(Entries taken from a collection)

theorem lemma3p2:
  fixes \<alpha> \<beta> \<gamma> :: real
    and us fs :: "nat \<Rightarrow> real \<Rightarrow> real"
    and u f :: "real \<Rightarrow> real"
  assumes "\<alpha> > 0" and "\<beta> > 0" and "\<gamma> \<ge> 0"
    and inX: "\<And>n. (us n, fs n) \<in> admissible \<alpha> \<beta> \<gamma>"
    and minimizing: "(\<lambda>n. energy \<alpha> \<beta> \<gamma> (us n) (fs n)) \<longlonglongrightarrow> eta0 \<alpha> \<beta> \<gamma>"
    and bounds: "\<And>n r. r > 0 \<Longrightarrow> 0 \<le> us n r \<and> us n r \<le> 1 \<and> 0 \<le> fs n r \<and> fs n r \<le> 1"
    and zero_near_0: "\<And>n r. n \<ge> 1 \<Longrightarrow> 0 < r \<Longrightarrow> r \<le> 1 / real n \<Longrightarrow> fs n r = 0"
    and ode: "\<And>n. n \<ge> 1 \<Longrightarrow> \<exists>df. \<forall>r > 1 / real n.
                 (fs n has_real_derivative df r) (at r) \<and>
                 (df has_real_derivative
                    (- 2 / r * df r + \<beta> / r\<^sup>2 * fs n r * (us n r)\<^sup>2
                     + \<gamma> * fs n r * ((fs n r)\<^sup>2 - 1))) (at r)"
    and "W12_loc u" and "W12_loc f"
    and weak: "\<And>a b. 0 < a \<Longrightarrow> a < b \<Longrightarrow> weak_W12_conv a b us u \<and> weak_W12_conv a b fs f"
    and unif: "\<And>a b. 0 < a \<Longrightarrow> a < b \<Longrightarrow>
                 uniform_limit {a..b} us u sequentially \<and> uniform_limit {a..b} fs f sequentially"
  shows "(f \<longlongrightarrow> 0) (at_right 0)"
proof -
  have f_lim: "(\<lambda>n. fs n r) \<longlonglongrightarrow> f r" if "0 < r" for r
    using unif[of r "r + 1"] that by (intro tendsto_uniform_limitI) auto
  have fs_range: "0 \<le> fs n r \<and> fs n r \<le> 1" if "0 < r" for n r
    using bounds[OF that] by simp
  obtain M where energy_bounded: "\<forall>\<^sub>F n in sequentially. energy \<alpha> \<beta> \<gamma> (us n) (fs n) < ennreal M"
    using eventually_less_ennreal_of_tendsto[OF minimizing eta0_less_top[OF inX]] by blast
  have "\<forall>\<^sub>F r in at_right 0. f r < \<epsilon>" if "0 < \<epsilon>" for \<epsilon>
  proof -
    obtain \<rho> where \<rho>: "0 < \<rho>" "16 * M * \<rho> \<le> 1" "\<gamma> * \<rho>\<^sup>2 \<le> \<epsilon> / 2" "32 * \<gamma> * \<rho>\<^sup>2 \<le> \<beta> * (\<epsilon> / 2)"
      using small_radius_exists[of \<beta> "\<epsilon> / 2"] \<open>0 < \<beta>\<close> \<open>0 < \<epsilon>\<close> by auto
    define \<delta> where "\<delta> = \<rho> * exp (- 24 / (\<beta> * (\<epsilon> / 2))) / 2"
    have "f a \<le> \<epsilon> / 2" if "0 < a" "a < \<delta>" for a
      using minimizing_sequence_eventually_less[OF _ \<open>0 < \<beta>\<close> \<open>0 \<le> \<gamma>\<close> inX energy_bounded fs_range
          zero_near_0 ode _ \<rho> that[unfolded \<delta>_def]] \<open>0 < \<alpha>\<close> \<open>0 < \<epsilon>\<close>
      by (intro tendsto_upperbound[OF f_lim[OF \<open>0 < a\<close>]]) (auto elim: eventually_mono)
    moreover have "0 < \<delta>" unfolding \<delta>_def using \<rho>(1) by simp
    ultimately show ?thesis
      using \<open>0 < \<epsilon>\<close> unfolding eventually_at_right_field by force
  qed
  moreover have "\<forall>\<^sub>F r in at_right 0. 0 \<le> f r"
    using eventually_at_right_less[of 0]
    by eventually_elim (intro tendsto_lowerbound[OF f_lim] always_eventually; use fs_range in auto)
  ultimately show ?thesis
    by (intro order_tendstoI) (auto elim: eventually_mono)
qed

* * *

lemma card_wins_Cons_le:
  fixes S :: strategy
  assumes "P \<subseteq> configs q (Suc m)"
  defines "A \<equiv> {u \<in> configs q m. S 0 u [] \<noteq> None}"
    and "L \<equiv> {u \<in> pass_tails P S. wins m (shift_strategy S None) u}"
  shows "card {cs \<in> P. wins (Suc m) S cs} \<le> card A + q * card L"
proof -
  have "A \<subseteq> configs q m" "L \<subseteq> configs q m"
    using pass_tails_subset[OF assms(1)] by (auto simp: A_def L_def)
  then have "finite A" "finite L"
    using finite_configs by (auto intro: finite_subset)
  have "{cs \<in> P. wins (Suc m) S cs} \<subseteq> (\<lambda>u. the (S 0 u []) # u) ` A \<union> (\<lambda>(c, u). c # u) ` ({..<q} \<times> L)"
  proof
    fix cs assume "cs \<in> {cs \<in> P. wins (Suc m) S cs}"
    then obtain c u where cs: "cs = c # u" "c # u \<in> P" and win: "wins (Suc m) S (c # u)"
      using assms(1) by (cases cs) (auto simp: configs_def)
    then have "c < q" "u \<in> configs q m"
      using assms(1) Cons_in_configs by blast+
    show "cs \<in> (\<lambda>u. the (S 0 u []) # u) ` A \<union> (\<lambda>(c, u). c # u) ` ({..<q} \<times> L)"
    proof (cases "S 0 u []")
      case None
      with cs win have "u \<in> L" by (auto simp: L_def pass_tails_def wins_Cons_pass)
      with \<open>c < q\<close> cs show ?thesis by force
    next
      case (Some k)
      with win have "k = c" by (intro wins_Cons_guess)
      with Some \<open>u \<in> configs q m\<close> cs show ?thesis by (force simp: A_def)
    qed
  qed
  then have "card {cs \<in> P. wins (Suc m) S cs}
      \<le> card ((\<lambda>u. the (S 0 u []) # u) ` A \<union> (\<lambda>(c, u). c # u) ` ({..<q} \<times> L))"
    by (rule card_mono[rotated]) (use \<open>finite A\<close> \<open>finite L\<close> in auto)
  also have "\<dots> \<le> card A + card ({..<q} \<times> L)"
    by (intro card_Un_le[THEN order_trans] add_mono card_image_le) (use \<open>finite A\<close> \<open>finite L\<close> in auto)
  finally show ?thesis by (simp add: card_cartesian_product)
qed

---

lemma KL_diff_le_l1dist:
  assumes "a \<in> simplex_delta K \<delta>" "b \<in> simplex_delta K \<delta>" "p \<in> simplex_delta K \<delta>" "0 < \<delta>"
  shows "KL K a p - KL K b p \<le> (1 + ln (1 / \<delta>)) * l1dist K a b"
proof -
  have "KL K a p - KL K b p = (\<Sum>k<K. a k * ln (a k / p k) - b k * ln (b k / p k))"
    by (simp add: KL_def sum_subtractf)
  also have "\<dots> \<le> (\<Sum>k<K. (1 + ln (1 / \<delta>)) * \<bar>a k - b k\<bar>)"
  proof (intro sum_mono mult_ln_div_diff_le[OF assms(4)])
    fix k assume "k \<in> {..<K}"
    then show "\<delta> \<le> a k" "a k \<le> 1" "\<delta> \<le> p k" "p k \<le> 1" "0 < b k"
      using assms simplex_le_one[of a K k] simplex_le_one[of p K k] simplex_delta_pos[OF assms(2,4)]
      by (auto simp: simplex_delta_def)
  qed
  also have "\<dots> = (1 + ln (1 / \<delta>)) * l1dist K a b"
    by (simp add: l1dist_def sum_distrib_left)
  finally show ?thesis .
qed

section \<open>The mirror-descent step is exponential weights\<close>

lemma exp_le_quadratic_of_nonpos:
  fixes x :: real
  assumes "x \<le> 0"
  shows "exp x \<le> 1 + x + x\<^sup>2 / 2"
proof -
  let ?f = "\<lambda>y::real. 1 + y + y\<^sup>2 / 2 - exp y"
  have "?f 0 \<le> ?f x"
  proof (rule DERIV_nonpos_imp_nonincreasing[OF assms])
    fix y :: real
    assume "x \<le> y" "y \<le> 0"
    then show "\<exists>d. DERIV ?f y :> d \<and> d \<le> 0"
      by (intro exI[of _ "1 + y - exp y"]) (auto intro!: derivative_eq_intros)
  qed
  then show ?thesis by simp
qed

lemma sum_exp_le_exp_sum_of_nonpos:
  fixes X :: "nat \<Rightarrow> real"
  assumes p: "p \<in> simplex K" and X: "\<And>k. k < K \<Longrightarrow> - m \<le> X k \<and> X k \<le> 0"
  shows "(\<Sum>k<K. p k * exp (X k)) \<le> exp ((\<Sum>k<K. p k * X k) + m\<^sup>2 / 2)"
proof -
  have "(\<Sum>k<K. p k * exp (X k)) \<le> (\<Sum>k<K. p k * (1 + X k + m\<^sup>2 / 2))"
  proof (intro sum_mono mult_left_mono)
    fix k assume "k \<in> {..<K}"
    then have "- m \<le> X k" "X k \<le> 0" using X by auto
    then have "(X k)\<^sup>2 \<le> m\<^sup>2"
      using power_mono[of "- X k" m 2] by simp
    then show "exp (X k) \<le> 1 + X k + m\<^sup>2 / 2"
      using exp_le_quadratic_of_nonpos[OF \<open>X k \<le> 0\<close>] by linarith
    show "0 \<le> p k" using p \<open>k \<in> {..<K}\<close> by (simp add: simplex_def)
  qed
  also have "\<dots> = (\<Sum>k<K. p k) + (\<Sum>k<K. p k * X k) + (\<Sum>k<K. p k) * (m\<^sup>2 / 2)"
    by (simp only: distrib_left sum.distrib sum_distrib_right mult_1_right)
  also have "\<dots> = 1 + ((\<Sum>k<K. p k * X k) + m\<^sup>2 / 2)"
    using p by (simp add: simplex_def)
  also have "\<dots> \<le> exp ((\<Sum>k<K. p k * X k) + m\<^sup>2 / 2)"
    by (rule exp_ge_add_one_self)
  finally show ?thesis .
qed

— Your goal —
Each line that has the word "with" counts once. How many such lines are in the data? Give the number alone.

— Exercise output —
4